Невинной простоте нанес немало бед,
Свирепства своего оставил вечный след{276}.
Еще через столетие заливали свое горе сивухой поколение интеллигентов-разночинцев. Известный писатель XIX века Н. А. Лейкин сожалел о многих своих талантливых современниках: «Усиленное поклонение Бахусу считалось в ту эпоху для писателя положительно-таки обязательным… Это было какое-то бравирование, какой-то надсад лучших людей 60-х годов. Недоделанные реформы только разожгли желания широкой общественной деятельности, не удовлетворив их в той мере, в какой требовала душа. Наиболее чувствительные, наиболее отзывчивые в обществе писатели видели, что та свобода, которая им рисовалась в их воображении, вовсе не такова в действительности, что личность по-прежнему порабощена, что произвол по-прежнему гуляет по всей матушке Руси рядом с самым беззастенчивым, самым гнусным насилием… И эти умные, эта соль русской земли, вся поголовно молодая и жизнерадостная, стала с горя пить чару зелена вина»{277}.

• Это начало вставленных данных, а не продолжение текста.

lemma inner_H_H_tau:
  assumes fmp: "minimal_FMP Zs H" and x: "x \<in> Zs" and y: "y \<in> Zs"
  shows "inner (H y) (H (tau N x)) = inner (H (tau N y)) (H (tau N x))"
proof (rule LIMSEQ_unique)
  have "(\<lambda>M. H (tau M y)) \<longlonglongrightarrow> H y"
    using fmp y unfolding minimal_FMP_def by blast
  then show "(\<lambda>M. inner (H (tau M y)) (H (tau N x))) \<longlonglongrightarrow> inner (H y) (H (tau N x))"
    by (intro tendsto_intros)
  have "\<forall>\<^sub>F M in sequentially. inner (H (tau N y)) (H (tau N x)) = inner (H (tau M y)) (H (tau N x))"
    using eventually_ge_at_top[of N] by eventually_elim (rule inner_H_tau_H_tau[OF x y, symmetric])
  then show "(\<lambda>M. inner (H (tau M y)) (H (tau N x))) \<longlonglongrightarrow> inner (H (tau N y)) (H (tau N x))"
    by (rule Lim_transform_eventually[OF tendsto_const])
qed

end

theorem proposition4p4:
  fixes Zs :: "(nat \<Rightarrow> 'z::{real_inner, complete_space}) set"
    and H :: "(nat \<Rightarrow> 'z) \<Rightarrow> 'y::{real_inner, complete_space}"
    and Hs :: "((nat \<Rightarrow> 'z) \<Rightarrow> real) set"
    and ip :: "((nat \<Rightarrow> 'z) \<Rightarrow> real) \<Rightarrow> ((nat \<Rightarrow> 'z) \<Rightarrow> real) \<Rightarrow> real"
    and N :: nat
    and zs :: "(nat \<Rightarrow> 'z) list"
    and \<Lambda> :: "real \<Rightarrow> real"
    and \<E> :: "real list \<Rightarrow> real"
  assumes adm: "admissible_inputs Zs"
    and zs_in: "set zs \<subseteq> Zs"
    and lin: "linear_functional Zs H"
    and fmp: "minimal_FMP Zs H"
    and cont: "minimally_continuous H"
    and orth: "\<forall>s t. s \<noteq> t \<longrightarrow>
                 (\<forall>u\<in>span ((H \<circ> delta s) ` unit_ball). \<forall>v\<in>span ((H \<circ> delta t) ` unit_ball). inner u v = 0)"
    and rkhs: "is_RKHS Zs (\<lambda>x y. inner (H x) (H y)) Hs ip"
    and \<Lambda>_nonneg: "\<forall>x\<ge>0. \<Lambda> x \<ge> 0"
    and \<Lambda>_mono: "strict_mono_on {0..} \<Lambda>"
  shows "argmin_on Hs (\<lambda>f. \<E> (map (\<lambda>z. f (tau N z)) zs) + \<Lambda> (sqrt (ip f f)))
       = argmin_on {f \<in> Hs. \<forall>x\<in>Zs. \<forall>y\<in>Zs. (\<forall>s\<le>N. x s = y s) \<longrightarrow> f x = f y}
                   (\<lambda>f. \<E> (map (\<lambda>z. f z) zs) + \<Lambda> (sqrt (ip f f)))"
proof -
  interpret rkhs Zs "\<lambda>x y. inner (H x) (H y)" Hs ip
    by (rule rkhs.intro) (rule rkhs)
  interpret orthogonal_impulses Zs H
    by (rule orthogonal_impulses.intro) (rule adm lin orth)+
  have "tau N ` Zs \<subseteq> Zs"
    using tau_mem[OF adm] by blast
  moreover have "\<forall>x\<in>Zs. \<forall>y\<in>Zs. inner (H (tau N x)) (H (tau N y)) = inner (H x) (H (tau N y))"
    using inner_H_H_tau[OF fmp] by simp
  moreover have "invariant_functions (tau N)
      = {f \<in> Hs. \<forall>x\<in>Zs. \<forall>y\<in>Zs. (\<forall>s\<le>N. x s = y s) \<longrightarrow> f x = f y}"
    by (simp only: invariant_functions_def tau_invariant_iff[OF adm])
  ultimately show ?thesis
    using argmin_regularized_eq_invariant[OF _ _ zs_in \<Lambda>_mono] by simp
qed

end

На другом социальном полюсе общества крепостной гнет и чиновничий произвол порождали, в свою очередь, бесшабашность, надежду на «авось», неизбывное желание вырваться на «волю» и «погулять»: «Атаманы, молодцы, дорожные охотники, волные всяких чинов люди, воры и разбойники! Кто похочет с военным походным атаманом Кондратьем Афанасьевичем Булавиным, кто похочет с ним погулять, по чисту полю красно походить, сладко попить да поесть, на добрых конех поездить, то приезжайте в Черны вершины самарские!» — так поэтично звучала «программа» широкого крестьянско-казацкого движения на Дону в 1708 г., которое еще недавно оценивалось как третья по счету крестьянская война в России. Не случайно для многих поколений русских людей разных сословий идеалом был не зажиточный хозяин или удачливый предприниматель (при российских порядках им и в XX веке жилось несладко), а вольный казак в «диком поле», без властей и помещика, рискуя жизнью добывавший удачу острой саблей.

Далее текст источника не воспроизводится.